Collected data entries:

==============================

lemma integral_rho_nonneg: "(\<And>x. 0 \<le> h x) \<Longrightarrow> 0 \<le> (\<integral>x. \<rho> x * h x \<partial>lborel)"
  by (intro integral_nonneg_AE) (auto intro!: mult_nonneg_nonneg rho_nonneg)

lemma Ep_eq_integral: "Ep a b p F = (\<integral>x. F x * \<rho> x \<partial>lborel)"
  by (simp add: Ep_def set_lebesgue_integral_def mult_ac)

lemma cdf_eq_integral: "P t = (\<integral>x. \<rho> x * (if x \<le> t then 1 else 0) \<partial>lborel)"
  unfolding cdf_def set_lebesgue_integral_def
  by (intro Bochner_Integration.integral_cong) (simp_all split: split_indicator)

lemma one_minus_cdf_eq_integral: "1 - P t = (\<integral>x. \<rho> x * (if t < x then 1 else 0) \<partial>lborel)"
proof -
  have "1 = (\<integral>x. \<rho> x * (if x \<le> t then 1 else 0) + \<rho> x * (if t < x then 1 else 0) \<partial>lborel)"
    by (subst integral_rho[symmetric], intro Bochner_Integration.integral_cong) auto
  also have "\<dots> = P t + (\<integral>x. \<rho> x * (if t < x then 1 else 0) \<partial>lborel)"
    unfolding cdf_eq_integral by (intro Bochner_Integration.integral_add integrable_rho_bounded) auto
  finally show ?thesis
    by simp
qed

lemma cdf_nonneg: "0 \<le> P t"
  unfolding cdf_eq_integral by (rule integral_rho_nonneg) simp

lemma cdf_le_1: "P t \<le> 1"
proof -
  have "0 \<le> (\<integral>x. \<rho> x * (if t < x then 1 else 0) \<partial>lborel)"
    by (rule integral_rho_nonneg) simp
  then show ?thesis
    using one_minus_cdf_eq_integral[of t] by linarith
qed

lemma cdf_mono: "t \<le> t' \<Longrightarrow> P t \<le> P t'"
  unfolding cdf_eq_integral
  by (intro integral_mono integrable_rho_bounded) (auto intro!: mult_left_mono rho_nonneg)

lemma cdf_measurable[measurable]: "P \<in> borel_measurable borel"
  by (rule borel_measurable_mono) (auto simp: mono_def cdf_mono)

lemma Kker_sym: "K x y = K y x"
  by (simp add: Kker_def min.commute max.commute)

lemma Kker_measurable[measurable]: "(\<lambda>(x, y). K x y) \<in> borel_measurable (lborel \<Otimes>\<^sub>M lborel)"
  unfolding Kker_def by measurable

lemma Kker_nonneg: "0 \<le> K x y"
  unfolding Kker_def using cdf_nonneg cdf_le_1 by simp

lemma Kker_le_cdf_min: "K x y \<le> P (min x y)"
  unfolding Kker_def using cdf_nonneg cdf_le_1 by (simp add: mult_left_le)

lemma Kker_le_one_minus_cdf_max: "K x y \<le> 1 - P (max x y)"
  unfolding Kker_def using cdf_nonneg cdf_le_1 by (simp add: mult_left_le_one_le)

lemma L2_bounded:
  assumes [measurable]: "h \<in> borel_measurable borel" and "\<And>x. \<bar>h x\<bar> \<le> 1"
  shows "L2 a b p h"
proof -
  have "\<bar>(h x)\<^sup>2\<bar> \<le> 1" for x
    using assms(2)[of x] by (simp add: abs_square_le_1)
  then have "integrable lborel (\<lambda>x. \<rho> x * (h x)\<^sup>2)"
    by (intro integrable_rho_bounded) auto
  then show ?thesis
    by (simp add: L2_def set_integrable_def mult_ac)
qed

==============================

Problem to work on → Reading through the records above, report each line in which the string "rule" is found.

Written response →
  unfolding cdf_eq_integral by (rule integral_rho_nonneg) simp
    by (rule integral_rho_nonneg) simp
  by (rule borel_measurable_mono) (auto simp: mono_def cdf_mono)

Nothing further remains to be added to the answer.